Делегаты совещания, как и буржуазная Москва, ждали выступления масс с оружием, стычек, боев, «августовских дней». Но выйти рабочим на улицу значило бы подставить себя под удары георгиевских кавалеров, офицерских отрядов, юнкеров, отдельных кавалерийских частей, горевших желанием взять реванш за стачку. Вызвать на улицу гарнизон значило бы внести в него раскол и облегчить дело контрреволюции, которая стояла со взведенным курком. Партия на улицу не звала, и сами рабочие, руководимые правильным чутьем, избегали открытого столкновения. Однодневная стачка как нельзя лучше отвечала обстановке: ее нельзя было спрятать под сукно, как поступлено было на совещании с декларацией большевиков. Когда город погрузился во тьму, вся Россия увидела большевистскую руку на выключателе. Нет, Петроград не изолирован! «В Москве, на патриархальность и смирение которой уповали многие, рабочие районы неожиданно оскалили зубы» – так определил значение этого дня Суханов. В отсутствие большевиков, но под знаком оскаленных зубов пролетарской революции оказалось вынуждено заседать коалиционное совещание.
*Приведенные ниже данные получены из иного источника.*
lemma cut_size_remove_gt:
  assumes G: "simple_graph V E" and "S \<subseteq> V" "x \<in> S" "nbdeg E x (V - S) < nbdeg E x S"
  shows "cut_size V E S < cut_size V E (S - {x})"
proof -
  have "\<not> E x x" using G unfolding simple_graph_def by auto
  have "cut_size V E (insert x (S - {x})) + nbdeg E x (S - {x})
      = cut_size V E (S - {x}) + nbdeg E x (V - (S - {x}))"
    using assms by (intro cut_size_insert) auto
  moreover have "insert x (S - {x}) = S" "V - (S - {x}) = insert x (V - S)" using assms by auto
  ultimately have "cut_size V E S + nbdeg E x S = cut_size V E (S - {x}) + nbdeg E x (V - S)"
    using nbdeg_insert_self[of E x] nbdeg_Diff_self[of E x] \<open>\<not> E x x\<close> by simp
  with assms(4) show ?thesis by linarith
qed

lemma cut_size_swap_gt:
  assumes G: "simple_graph V E" and S: "S \<subseteq> V" and x: "x \<in> S" and y: "y \<in> V - S"
    and "nbdeg E x (V - S) < nbdeg E x S" and "nbdeg E y S < nbdeg E y (V - S)"
  shows "cut_size V E S < cut_size V E (insert y (S - {x}))"
proof -
  have "finite V" using G unfolding simple_graph_def by auto
  have "nbdeg E y (S - {x}) \<le> nbdeg E y S" "nbdeg E y (V - S) \<le> nbdeg E y (V - (S - {x}))"
    using \<open>finite V\<close> finite_subset[OF S] by (auto intro: nbdeg_mono)
  then have "cut_size V E (S - {x}) < cut_size V E (insert y (S - {x}))"
    using assms by (intro cut_size_insert_gt) auto
  with cut_size_remove_gt[OF G S x] assms show ?thesis by simp
qed

lemma cut_size_ge:
  assumes G: "simple_graph V E" and deg: "min_degree_ge V E (real (card V) / 2)" and "A \<subseteq> V"
  shows "real (card A) * real (card V) / 2 - 2 * real (edges_in E A) \<le> real (cut_size V E A)"
proof -
  have "finite V" using G unfolding simple_graph_def by auto
  have "finite A" using finite_subset[OF \<open>A \<subseteq> V\<close> \<open>finite V\<close>] .
  have "nbdeg E a V = nbdeg E a A + nbdeg E a (V - A)" for a
    using nbdeg_Un_disjoint[of A "V - A" E a] \<open>finite V\<close> \<open>finite A\<close> \<open>A \<subseteq> V\<close>
    by (simp add: Un_absorb1)
  then have "(\<Sum>a\<in>A. real (nbdeg E a V)) = (\<Sum>a\<in>A. real (nbdeg E a A)) + real (cut_size V E A)"
    unfolding cut_size_def by (simp add: sum.distrib)
  moreover have "(\<Sum>a\<in>A. real (card V) / 2) \<le> (\<Sum>a\<in>A. real (nbdeg E a V))"
    using deg \<open>A \<subseteq> V\<close> unfolding min_degree_ge_def by (intro sum_mono) auto
  moreover have "(\<Sum>a\<in>A. real (nbdeg E a A)) \<le> 2 * real (edges_in E A)"
    using sum_nbdeg_le_edges_in[OF G \<open>A \<subseteq> V\<close>] by (simp flip: of_nat_sum)
  ultimately show ?thesis by simp
qed

lemma exists_max_half_cut:
  assumes "finite V" "A0 \<subseteq> V" "card A0 = card V div 2"
  obtains A where "A \<subseteq> V" "card A = card V div 2"
    "\<And>A'. A' \<subseteq> V \<Longrightarrow> card A' = card V div 2 \<Longrightarrow> cut_size V E A' \<le> cut_size V E A"
proof -
  define halves where "halves = {A. A \<subseteq> V \<and> card A = card V div 2}"
  have "finite halves" unfolding halves_def
    by (rule finite_subset[of _ "Pow V"]) (use assms in auto)
  moreover have "A0 \<in> halves" unfolding halves_def using assms by auto
  ultimately obtain A where "A \<in> halves" "cut_size V E A = Max (cut_size V E ` halves)"
    using Max_in[of "cut_size V E ` halves"] by fastforce
  with \<open>finite halves\<close> show thesis
    by (intro that[of A]) (auto simp: halves_def intro!: Max_ge)
qed

text \<open>In a maximum cut among the sets of size \<open>\<lfloor>n/2\<rfloor>\<close>, a vertex on the larger side with more
  neighbours on its own side could be moved across (for odd \<open>n\<close>), or swapped with a vertex of the
  smaller side having the same defect (for even \<open>n\<close>), increasing the cut.\<close>

lemma max_half_cut_oriented_odd:
  assumes G: "simple_graph V E" and "odd (card V)" and A: "A \<subseteq> V" "card A = card V div 2"
    and max: "\<And>A'. A' \<subseteq> V \<Longrightarrow> card A' = card V div 2 \<Longrightarrow> cut_size V E A' \<le> cut_size V E A"
    and y: "y \<in> V - A"
  shows "nbdeg E y (V - A) \<le> nbdeg E y A"
proof (rule ccontr)
  assume "\<not> ?thesis"
  then have "cut_size V E A < cut_size V E (insert y A)"
    using cut_size_insert_gt[OF G A(1) y] by simp
  also have "\<dots> = cut_size V E (V - insert y A)"
    using A y by (intro cut_size_complement[OF G, symmetric]) auto
  finally have "cut_size V E A < cut_size V E (V - insert y A)" .
  moreover have "finite A" using G A finite_subset unfolding simple_graph_def by blast
  with A y have "card (V - insert y A) = card V - (card V div 2 + 1)"
    by (subst card_Diff_subset) auto
  with \<open>odd (card V)\<close> have "card (V - insert y A) = card V div 2" by (auto elim!: oddE)
  ultimately show False using max[of "V - insert y A"] by auto
qed

lemma max_half_cut_oriented_even:
  assumes G: "simple_graph V E" and A: "A \<subseteq> V" "card A = card V div 2"
    and max: "\<And>A'. A' \<subseteq> V \<Longrightarrow> card A' = card V div 2 \<Longrightarrow> cut_size V E A' \<le> cut_size V E A"
    and y: "y \<in> V - A" "nbdeg E y A < nbdeg E y (V - A)" and x: "x \<in> A"
  shows "nbdeg E x A \<le> nbdeg E x (V - A)"
proof (rule ccontr)
  assume "\<not> ?thesis"
  then have "cut_size V E A < cut_size V E (insert y (A - {x}))"
    using cut_size_swap_gt[OF G A(1) x y(1) _ y(2)] by simp
  moreover have "finite A" using G A finite_subset unfolding simple_graph_def by blast
  with x y have "card (insert y (A - {x})) = card A"
    using card_Diff_singleton[OF x] card_gt_0_iff[of A] by auto
  ultimately show False using max[of "insert y (A - {x})"] A x y by auto
qed

lemma exists_oriented_half:
  assumes G: "simple_graph V E" and "A0 \<subseteq> V" "card A0 = card V div 2"
  shows "\<exists>A \<subseteq> V. card A = card V div 2 \<and> cut_size V E A0 \<le> cut_size V E A \<and>
    (\<forall>b \<in> V - A. nbdeg E b (V - A) \<le> nbdeg E b A)"
proof -
  have "finite V" using G unfolding simple_graph_def by auto
  obtain A where A: "A \<subseteq> V" "card A = card V div 2"
    and max: "\<And>A'. A' \<subseteq> V \<Longrightarrow> card A' = card V div 2 \<Longrightarrow> cut_size V E A' \<le> cut_size V E A"
    using exists_max_half_cut[OF \<open>finite V\<close> assms(2,3)] by blast
  have "cut_size V E A0 \<le> cut_size V E A" using max assms by blast
  show ?thesis
  proof (cases "odd (card V) \<or> (\<forall>b \<in> V - A. nbdeg E b (V - A) \<le> nbdeg E b A)")
    case True
    then show ?thesis
      using max_half_cut_oriented_odd[OF G _ A max] A \<open>cut_size V E A0 \<le> _\<close> by blast
  next
    case False
    then obtain y where "even (card V)" "y \<in> V - A" "nbdeg E y A < nbdeg E y (V - A)"
      by (auto simp: not_le)
    then have "\<forall>b \<in> V - (V - A). nbdeg E b (V - (V - A)) \<le> nbdeg E b (V - A)"
      using max_half_cut_oriented_even[OF G A max] A(1) by (simp add: double_diff)
    moreover have "card (V - A) = card V div 2"
      using A \<open>finite V\<close> \<open>even (card V)\<close> by (auto simp: card_Diff_subset finite_subset elim!: evenE)
    moreover have "cut_size V E A0 \<le> cut_size V E (V - A)"
      using cut_size_complement[OF G A(1)] \<open>cut_size V E A0 \<le> _\<close> by simp
    ultimately show ?thesis by blast
  qed
qed

lemma card_ge_mult_le_sum:
  fixes g :: "'a \<Rightarrow> real"
  assumes "finite X" "\<And>x. x \<in> X \<Longrightarrow> 0 \<le> g x" "0 \<le> t"
  shows "real (card {x \<in> X. t \<le> g x}) * t \<le> (\<Sum>x\<in>X. g x)"
proof -
  have "real (card {x \<in> X. t \<le> g x}) * t = (\<Sum>x \<in> {x \<in> X. t \<le> g x}. t)" by simp
  also have "\<dots> \<le> (\<Sum>x \<in> {x \<in> X. t \<le> g x}. g x)" by (rule sum_mono) simp
  also have "\<dots> \<le> (\<Sum>x\<in>X. g x)" using assms by (intro sum_mono2) auto
  finally show ?thesis .
qed

locale half_cut =
  fixes V :: "nat set" and E :: "nat \<Rightarrow> nat \<Rightarrow> bool" and A :: "nat set" and \<gamma> :: real
  assumes graph: "simple_graph V E"
    and min_deg: "min_degree_ge V E (real (card V) / 2)"
    and A_sub: "A \<subseteq> V" and card_A: "card A = card V div 2"
    and cut_large: "real (card A) * real (card V) / 2 - 2 * \<gamma> * real (card V) ^ 2 \<le> real (cut_size V E A)"
    and oriented: "\<forall>b \<in> V - A. nbdeg E b (V - A) \<le> nbdeg E b A"
    and gamma_pos: "0 < \<gamma>" and large: "1 / \<gamma> \<le> real (card V)"
begin

abbreviation "N \<equiv> real (card V)"
abbreviation "B \<equiv> V - A"

lemma finite_V: "finite V" and E_sym: "E u v \<Longrightarrow> E v u"
  using graph unfolding simple_graph_def by auto

lemma finite_A: "finite A"
  using finite_subset[OF A_sub finite_V] .

lemma finite_B: "finite B"
  using finite_V by simp

lemma N_pos: "0 < N"
  using large gamma_pos by (smt (verit) divide_pos_pos)

lemma gamma_N: "1 \<le> \<gamma> * N"
  using large gamma_pos by (simp add: field_simps)

lemma card_A_bounds: "(N - 1) / 2 \<le> real (card A)" "real (card A) \<le> N / 2"
proof -
  have "2 * (card V div 2) \<le> card V" "card V \<le> 2 * (card V div 2) + 1" by presburger+
  then have "real (2 * (card V div 2)) \<le> N" "N \<le> real (2 * (card V div 2) + 1)"
    by (simp_all only: of_nat_le_iff)
  then show "(N - 1) / 2 \<le> real (card A)" "real (card A) \<le> N / 2" unfolding card_A by simp_all
qed

lemma card_A_B: "real (card A) + real (card B) = N"
  using A_sub finite_A card_mono[OF finite_V A_sub] by (simp add: card_Diff_subset flip: of_nat_add)

lemma card_B_bounds: "N / 2 \<le> real (card B)" "real (card B) \<le> (N + 1) / 2"
  using card_A_bounds card_A_B by (simp_all add: field_simps)

lemma nbdeg_V: "nbdeg E x V = nbdeg E x A + nbdeg E x B"
  using nbdeg_Un_disjoint[OF finite_A finite_B, of E x] A_sub by (simp add: Un_absorb1)

lemma cut_size_eq_sum_B: "cut_size V E A = (\<Sum>b\<in>B. nbdeg E b A)"
  unfolding cut_size_def using sum_nbdeg_commute[OF finite_A finite_B] E_sym by blast

lemma missing_cross_edges: "real (card A) * real (card B) - real (cut_size V E A) \<le> 3 * \<gamma> * N\<^sup>2"
proof -
  have "real (card A) * (real (card B) - N / 2) \<le> N / 2 * (1 / 2)"
    using card_A_bounds card_B_bounds N_pos by (intro mult_mono) auto
  also have "\<dots> \<le> \<gamma> * N\<^sup>2"
    using mult_left_mono[OF gamma_N, of N] N_pos by (simp add: power2_eq_square algebra_simps)
  finally show ?thesis using cut_large by (simp add: algebra_simps)
qed

lemma card_deficient_A:
  assumes "0 \<le> t"
  shows "real (card {a \<in> A. t \<le> real (card B) - real (nbdeg E a B)}) * t \<le> 3 * \<gamma> * N\<^sup>2"
proof -
  have "(\<Sum>a\<in>A. real (card B) - real (nbdeg E a B)) = real (card A) * real (card B) - real (cut_size V E A)"
    unfolding cut_size_def by (simp add: sum_subtractf)
  then show ?thesis
    using card_ge_mult_le_sum[OF finite_A _ assms, of "\<lambda>a. real (card B) - real (nbdeg E a B)"]
      nbdeg_le_card[OF finite_B] missing_cross_edges by simp
qed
Москвичи острили, что Керенский приехал к ним «короноваться». Но на другой день прибыл из ставки с той же целью Корнилов, встреченных многочисленными делегациями, в том числе от церковного собора. На перрон из подошедшего поезда выскочили текинцы в ярко-красных халатах, с обнаженными кривыми шашками и выстроились в две шеренги. Восторженные дамы осыпали цветами героя, обходившего караул и депутации. Кадет Родичев закончил приветственную речь возгласом: «Спасите Россию, и благодарный народ увенчает вас!» Раздались патриотические всхлипывания. Морозова, купчиха-миллионерша, опустилась на колени. Офицеры на руках вынесли Корнилова к народу. В то время как главнокомандующий обходил георгиевских кавалеров, юнкеров, школу прапорщиков, сотню казаков, построившихся на площади перед вокзалом, Керенский в качестве военного министра и соперника принимал парад войск московского гарнизона. С вокзала Корнилов направился, по стопам царей, к Иверской иконе, где был отслужен молебен в присутствии эскорта мусульман-текинцев в гигантских папахах. «Это обстоятельство, – пишет о молебне казачий офицер Греков, – еще более расположило к Корнилову всю верующую Москву». Контрреволюция тем временем старалась завоевать улицу. С автомобилей щедро разбрасывали биографию Корнилова с его портретом. Стены были заклеены афишами, призывавшими народ на помощь герою. Как власть имущий, Корнилов принимал в своем вагоне политиков, промышленников, финансистов. Представители банков сделали ему доклад о финансовом положении страны. «Изо всех членов Думы, – многозначительно пишет октябрист Шидловский, – поехал к Корнилову в его поезд один Милюков, имевший с ним разговор, содержание которого мне неизвестно». Об этом разговоре мы узнаем позже от Милюкова то, что он сам сочтет нужным рассказать.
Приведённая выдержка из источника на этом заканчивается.